=== Work to be completed ===
Nothing but a number should be returned: the count of lines in the records that contain "thesis".

Dataset records:
■ ■ ■ ■ ■

text \<open>Near infinity a polynomial with a unit coefficient in degree \<open>n\<close> is dominated by
  that monomial.\<close>
lemma berkA1_eq_power_T:
  assumes t: "t \<in> berkA1 absv" and R: "t [:0, 1:] = R" "1 < R"
    and coeffs: "\<And>i. absv (coeff f i) \<le> 1" and "degree f \<le> n" "0 < n"
    and unit: "absv (coeff f n) = 1"
  shows "t f = R ^ n"
proof -
  define g where "g = f - monom (coeff f n) n"
  have "degree g \<le> n - 1"
    by (rule degree_le) (use assms(5,6) in \<open>auto simp: g_def coeff_monom coeff_eq_0\<close>)
  moreover have "absv (coeff g i) \<le> 1" for i
    using absv_diff_le_max[of "coeff f i" "coeff (monom (coeff f n) n) i"] coeffs[of i] unit
    by (simp add: g_def coeff_monom)
  ultimately have "t g \<le> R ^ (n - 1)"
    using berkA1_le_power_T[OF t R] by blast
  also have "\<dots> < R ^ n"
    using R assms(6) by (intro power_strict_increasing) auto
  finally have "t g < R ^ n" .
  moreover have "t (monom (coeff f n) n) = R ^ n"
    using unit R by (simp add: monom_altdef berkA1_smult[OF t] berkA1_power[OF t])
  ultimately show ?thesis
    using berkA1_add_eq_max[OF t, of g "monom (coeff f n) n"] by (simp add: g_def)
qed

lemma berkA1_smult_prod_lin_le:
  assumes t: "t \<in> berkA1 absv" and "\<And>x. x \<in> set rs \<Longrightarrow> t (lin x) \<le> r"
  shows "t (smult l (prod_list (map lin rs))) \<le> absv l * r ^ length rs"
  unfolding berkA1_prod_lin[OF t]
  using assms berkA1_nonneg[OF t] absv_nonneg
  by (intro mult_left_mono prod_list_map_le_power) auto

end

context ultrametric_field
begin

definition diam :: "'a seminorm \<Rightarrow> real" where
  "diam t = (INF a. t (lin a))"

context
  fixes t assumes t: "t \<in> berkA1 absv"
begin

lemma bdd_below_lin: "bdd_below (range (\<lambda>a. t (lin a)))"
  using berkA1_nonneg[OF t] by (intro bdd_belowI[of _ 0]) auto

lemma diam_le: "diam t \<le> t (lin a)"
  unfolding diam_def using bdd_below_lin by (intro cINF_lower) auto

lemma diam_nonneg: "0 \<le> diam t"
  unfolding diam_def using berkA1_nonneg[OF t] by (intro cINF_greatest) auto

lemma diam_less_iff: "diam t < y \<longleftrightarrow> (\<exists>a. t (lin a) < y)"
  unfolding diam_def using cINF_less_iff[OF UNIV_not_empty bdd_below_lin] by simp

text \<open>Over a complete field, only type 1 points have diameter \<open>0\<close>: centres of ever smaller
  disks around \<open>t\<close> form a Cauchy sequence, whose limit \<open>L\<close> has \<open>t(T - L) = 0\<close>.\<close>
lemma diam_pos:
  assumes complete: "complete_abs absv" and not_type1: "\<And>x. t \<noteq> (\<lambda>f. absv (poly f x))"
  shows "0 < diam t"
proof (rule ccontr)
  assume "\<not> 0 < diam t"
  then have "diam t < inverse (Suc n)" for n
    using diam_nonneg by (simp add: not_less order.trans[OF _ less_imp_le] less_le_trans)
  then obtain a where a: "\<And>n. t (lin (a n)) < inverse (Suc n)"
    unfolding diam_less_iff by metis
  have tail: "\<exists>N. \<forall>n\<ge>N. t (lin (a n)) < e" if e: "0 < e" for e
  proof -
    obtain N where "inverse (real (Suc N)) < e"
      using reals_Archimedean[OF e] by blast
    moreover have "inverse (real (Suc n)) \<le> inverse (real (Suc N))" if "N \<le> n" for n
      using that by (simp add: le_imp_inverse_le)
    ultimately show ?thesis
      using a by (meson less_le_trans less_trans)
  qed
  have dist: "absv (a m - a n) \<le> max (t (lin (a m))) (t (lin (a n)))" for m n
    using berkA1_diff_le_max[OF t, of "lin (a n)" "lin (a m)"] berkA1_const[OF t, of "a m - a n"]
    by (simp add: max.commute)
  have "\<exists>N. \<forall>m\<ge>N. \<forall>n\<ge>N. absv (a m - a n) < e" if "0 < e" for e
    using tail[OF that] dist by (meson max_less_iff_conj order_le_less_trans)
  then obtain L where L: "\<And>e. 0 < e \<Longrightarrow> \<exists>N. \<forall>n\<ge>N. absv (a n - L) < e"
    using complete unfolding complete_abs_def by blast
  have "t (lin L) < e" if e: "0 < e" for e
  proof -
    obtain N1 N2 where "\<forall>n\<ge>N1. t (lin (a n)) < e" "\<forall>n\<ge>N2. absv (a n - L) < e"
      using tail[OF e] L[OF e] by blast
    then have "t (lin (a (max N1 N2))) < e" "absv (L - a (max N1 N2)) < e"
      by (auto simp: absv_minus_commute)
    then show ?thesis
      using berkA1_lin_le_max[OF t, of L "a (max N1 N2)"] by simp
  qed
  then have "t (lin L) = 0"
    using berkA1_nonneg[OF t, of "lin L"] by (metis less_irrefl order_le_less)
  then show False
    using berkA1_eq_type1_if_lin_zero[OF t] not_type1 by blast
qed
(* Under the standing setup, assume $\dim G_{\lambda_1}<d-1$. Let $(v^k)$, $(x^k)$ be generated by Algorithm U and let $\alpha_k=b_kd_k-a_ke_k$, where $a_k=\|Av^k\|^2$, $b_k=\langle Av^k,Ax^k\rangle$, $d_k=\|Bv^k\|^2$, $e_k=\langle Bv^k,Bx^k\rangle$. Then $\alpha_k\to0$ as $k\to\infty$ almost surely.
   Context: Standing setup. Let $d\ge 2$, $A\in\mathbb R^{m\times d}$, $B\in\mathbb R^{\ell\times d}$ with $\ker B=\{0\}$, so $B^TB$ is symmetric positive definite. $\mathbb S^{d-1}$ is the Euclidean unit sphere of $\mathbb R^d$ and $\mathcal U(\mathbb S^{d-1})$ the uniform (normalized surface) probability measure on it. Define $f(v)=\|Av\|^2/\|Bv\|^2$ for $v\neq0$. A generalized eigenvector of $(A^TA,B^TB)$ is a vector $v\neq 0$ with $A^TAv=\lambda B^TBv$ for some $\lambda\in\mathbb R$ (a generalized eigenvalue); the generalized eigenvalues are exactly the eigenvalues of the symmetric matrix $K=(B^TB)^{-1/2}A^TA(B^TB)^{-1/2}$, listed with multiplicity as $\lambda_1\ge\lambda_2\ge\dots\ge\lambda_d$. For a generalized eigenvalue $\lambda$ let $G_\lambda=\{v\in\mathbb R^d\setminus\{0\}: A^TAv=\lambda B^TBv\}$, and $\dim G_\lambda$ denotes the dimension of the linear subspace $G_\lambda\cup\{0\}$. Algorithm U. Let $g\sim\mathcal N(0,I_d)$ and $v^0=g/\|g\|$; let $x^0,x^1,x^2,\dots$ be i.i.d. with law $\mathcal U(\mathbb S^{d-1})$, independent of $g$. Given $v^k\in\mathbb S^{d-1}$, set $s_k(\tau)=f(v^k+\tau x^k)$ for $\tau\in\mathbb R$ with $v^k+\tau x^k\neq0$; let $\tau_k$ be a (measurably chosen) maximizer of $s_k$ over $\tau\in\mathbb R$, with $\tau_k=0$ if no maximizer exists, and set $v^{k+1}=(v^k+\tau_kx^k)/\|v^k+\tau_kx^k\|$. *)

theory Defs
  imports "HOL-Probability.Probability"
begin

definition rayq :: "real^'n^'m \<Rightarrow> real^'n^'l \<Rightarrow> real^'n \<Rightarrow> real" where
  "rayq A B v = (norm (A *v v))\<^sup>2 / (norm (B *v v))\<^sup>2"
(* Let $n\ge2$, $\phi\in\mathrm{End}(F_n)$, and let $(X,x_1)\to(R_n,* )$ be the finite based cover associated to a finite-index fully characteristic subgroup $K\le F_n$, with deck group $\Gamma=F_n/K$. If the endomorphism of $\Gamma$ induced by $\phi$ is not the identity, then the endomorphism of $H_1(X,\mathbb{Z})$ induced by $\phi$ is not the identity.
   Context: $F_n$ is the free group of rank $n\ge2$, identified with $\pi_1(R_n,* )$ where $R_n$ is the wedge of $n$ circles with wedge point $*$. A subgroup $K\le F_n$ is fully characteristic if $\phi(K)\subseteq K$ for all $\phi\in\mathrm{End}(F_n)$; then every $\phi\in\mathrm{End}(F_n)$ induces an endomorphism of $\Gamma=F_n/K$. The based cover associated to $K$ is the connected covering $p:(X,x_1)\to(R_n,* )$ with $p_*\pi_1(X,x_1)=K$, with deck group $\Gamma$. The endomorphism of $H_1(X,\mathbb{Z})\cong K^{ab}$ induced by $\phi$ is the abelianization of $\phi|_K:K\to K$. *)

theory Defs
  imports "HOL-Algebra.Algebra"
begin

text \<open>A letter (i, True) stands for the generator x_i, (i, False) for its inverse.
  The generators are x_0, ..., x_(n-1).\<close>

type_synonym letter = "nat \<times> bool"

definition inv_letter :: "letter \<Rightarrow> letter" where
  "inv_letter a = (fst a, \<not> snd a)"

fun free_reduce :: "letter list \<Rightarrow> letter list" where
  "free_reduce [] = []"
| "free_reduce (a # w) =
     (case free_reduce w of
        [] \<Rightarrow> [a]
      | b # w' \<Rightarrow> (if b = inv_letter a then w' else a # b # w'))"

definition reduced_word :: "letter list \<Rightarrow> bool" where
  "reduced_word w \<longleftrightarrow> (\<forall>i. Suc i < length w \<longrightarrow> w ! Suc i \<noteq> inv_letter (w ! i))"

definition free_group :: "nat \<Rightarrow> letter list monoid" where
  "free_group n =
     \<lparr> carrier = {w. reduced_word w \<and> (\<forall>a\<in>set w. fst a < n)},
       monoid.mult = (\<lambda>u v. free_reduce (u @ v)),
       monoid.one = [] \<rparr>"

definition fully_characteristic :: "('a, 'b) monoid_scheme \<Rightarrow> 'a set \<Rightarrow> bool" where
  "fully_characteristic G K \<longleftrightarrow> subgroup K G \<and> (\<forall>\<phi>\<in>hom G G. \<phi> ` K \<subseteq> K)"

definition quot_endo :: "('a, 'b) monoid_scheme \<Rightarrow> 'a set \<Rightarrow> ('a \<Rightarrow> 'a) \<Rightarrow> 'a set \<Rightarrow> 'a set" where
  "quot_endo G K \<phi> C = K #>\<^bsub>G\<^esub> \<phi> (SOME g. g \<in> C)"

definition abelianization_sub :: "('a, 'b) monoid_scheme \<Rightarrow> 'a set \<Rightarrow> 'a set monoid" where
  "abelianization_sub G K = (G\<lparr>carrier := K\<rparr>) Mod derived (G\<lparr>carrier := K\<rparr>) K"

definition ab_endo :: "('a, 'b) monoid_scheme \<Rightarrow> 'a set \<Rightarrow> ('a \<Rightarrow> 'a) \<Rightarrow> 'a set \<Rightarrow> 'a set" where
  "ab_endo G K \<phi> C = derived (G\<lparr>carrier := K\<rparr>) K #>\<^bsub>G\<lparr>carrier := K\<rparr>\<^esub> \<phi> (SOME k. k \<in> C)"

end

theory Submission
  imports Defs
begin

text \<open>Suppose \<open>\<phi>\<close> acts trivially on \<open>H\<^sub>1(X) = K\<^sup>a\<^sup>b\<close>. For a set \<open>P\<close> of vertices
  of \<open>X\<close> and a generator \<open>x\<^sub>i\<close>, the signed number of \<open>x\<^sub>i\<close>-edges starting in \<open>P\<close>
  traversed by a loop is a homomorphism \<open>K \<rightarrow> \<int>\<close> factoring through \<open>H\<^sub>1(X)\<close>, hence is
  \<open>\<phi>\<close>-invariant. Conjugating a loop by \<open>g\<close> translates \<open>P\<close> by \<open>g\<close>, and
  \<open>\<phi>(g k g\<inverse>) = \<phi>(g) \<phi>(k) \<phi>(g)\<inverse>\<close>; so for \<open>s = g\<inverse>\<phi>(g)\<close> every loop crosses as many
  \<open>x\<^sub>i\<close>-edges at the base vertex \<open>K\<close> as at the vertex \<open>s\<inverse>K\<close>. The loop \<open>x\<^sub>i\<^sup>p\<close>, with
  \<open>p\<close> least such that \<open>x\<^sub>i\<^sup>p \<in> K\<close>, crosses one edge at the base vertex, hence also passes
  through \<open>s\<inverse>K\<close>: \<open>s x\<^sub>i\<^sup>r \<in> K\<close> for some \<open>0 < r < p\<close>. Applying the endomorphism that
  kills \<open>x\<^sub>1\<close> to these conditions for \<open>i = 0, 1\<close> gives \<open>x\<^sub>0\<^sup>r \<in> K\<close> with \<open>0 < r < p\<close>,
  a contradiction unless \<open>s \<in> K\<close> for all \<open>g\<close>, i.e. unless \<open>\<phi>\<close> acts trivially on \<open>\<Gamma>\<close>.\<close>

lemma (in group) inv_mult_cancel_left [simp]:
  "x \<in> carrier G \<Longrightarrow> y \<in> carrier G \<Longrightarrow> inv x \<otimes> (x \<otimes> y) = y"
  by (simp add: m_assoc[symmetric])

lemma (in group) fully_characteristic_imp_normal:
  assumes "fully_characteristic G K"
  shows "K \<lhd> G"
proof -
  have K: "subgroup K G" and fc: "\<And>\<psi>. \<psi> \<in> hom G G \<Longrightarrow> \<psi> ` K \<subseteq> K"
    using assms by (auto simp add: fully_characteristic_def)
  have "(\<lambda>h. x \<otimes> h \<otimes> inv x) \<in> hom G G" if "x \<in> carrier G" for x
    using that by (intro homI) (simp_all add: m_assoc)
  then show ?thesis
    unfolding normal_inv_iff using K fc by blast
qed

■ ■ ■ ■ ■

=== Answer to this task ===
4